(Dataset entries)
= = = =

(* Let $K\ge 1$, and for each class $k\in\{1,\dots,K\}$ let $\lambda_k>0$, $\mu_k>0$ and $\theta_k\ge 0$. Consider the continuous-time Markov process $\mathbf{N}(t)=(N_1(t),\dots,N_K(t))$ on $\mathbb{N}^K$ whose only transitions from a state $\mathbf{n}=(n_1,\dots,n_K)$ are: to $\mathbf{n}+\mathbf{e}_k$ at rate $\lambda_k$, and, if $n_k>0$, to $\mathbf{n}-\mathbf{e}_k$ at rate $n_k\mu_k/L(\mathbf{n})+n_k\theta_k$, where $\mathbf{e}_k$ is the $k$-th unit vector and $L(\mathbf{n})=\sum_{j=1}^K n_j$. Let $\rho_k=\lambda_k/\mu_k$ and let $S=\{k:\theta_k=0\}$ be the set of static classes. Then $\mathbf{N}(t)$ has a stationary regime (i.e., is positive recurrent / ergodic) if and only if $$\rho_S:=\sum_{k\in S}\rho_k<1.$$
   Context: This is the flow-level model of a single cell of capacity $C$ shared equally (processor sharing) among active users, with class-$k$ users arriving as a Poisson process of rate $\lambda_k$, having exponentially distributed data volumes of mean $\sigma_k$ (so $\mu_k=C/\sigma_k$), and, for mobile classes ($\theta_k>0$), leaving the cell before service completion after an exponential residual sojourn time of rate $\theta_k$ (processor-sharing queue with impatience). A class with $\theta_k=0$ is called static. If $S$ is empty, the sum $\rho_S$ is $0$. *)

theory Defs
  imports "HOL-Analysis.Analysis"
begin

definition exit_rate :: "'s set \<Rightarrow> ('s \<Rightarrow> 's \<Rightarrow> real) \<Rightarrow> 's \<Rightarrow> real" where
  "exit_rate S q n = infsum (\<lambda>m. q n m) (S - {n})"

definition stationary_distribution ::
  "'s set \<Rightarrow> ('s \<Rightarrow> 's \<Rightarrow> real) \<Rightarrow> ('s \<Rightarrow> real) \<Rightarrow> bool" where
  "stationary_distribution S q p \<longleftrightarrow>
     (\<forall>n\<in>S. p n \<ge> 0) \<and> (p has_sum 1) S \<and>
     (\<forall>m\<in>S. ((\<lambda>n. p n * q n m) has_sum (p m * exit_rate S q m)) (S - {m}))"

= = = =

● **HOW TO COMPLETE THIS TASK**
Look through the entries above, and wherever a line holds the word "time", copy it.

● **TASK RESPONSE**
(* Let $K\ge 1$, and for each class $k\in\{1,\dots,K\}$ let $\lambda_k>0$, $\mu_k>0$ and $\theta_k\ge 0$. Consider the continuous-time Markov process $\mathbf{N}(t)=(N_1(t),\dots,N_K(t))$ on $\mathbb{N}^K$ whose only transitions from a state $\mathbf{n}=(n_1,\dots,n_K)$ are: to $\mathbf{n}+\mathbf{e}_k$ at rate $\lambda_k$, and, if $n_k>0$, to $\mathbf{n}-\mathbf{e}_k$ at rate $n_k\mu_k/L(\mathbf{n})+n_k\theta_k$, where $\mathbf{e}_k$ is the $k$-th unit vector and $L(\mathbf{n})=\sum_{j=1}^K n_j$. Let $\rho_k=\lambda_k/\mu_k$ and let $S=\{k:\theta_k=0\}$ be the set of static classes. Then $\mathbf{N}(t)$ has a stationary regime (i.e., is positive recurrent / ergodic) if and only if $$\rho_S:=\sum_{k\in S}\rho_k<1.$$
   Context: This is the flow-level model of a single cell of capacity $C$ shared equally (processor sharing) among active users, with class-$k$ users arriving as a Poisson process of rate $\lambda_k$, having exponentially distributed data volumes of mean $\sigma_k$ (so $\mu_k=C/\sigma_k$), and, for mobile classes ($\theta_k>0$), leaving the cell before service completion after an exponential residual sojourn time of rate $\theta_k$ (processor-sharing queue with impatience). A class with $\theta_k=0$ is called static. If $S$ is empty, the sum $\rho_S$ is $0$. *)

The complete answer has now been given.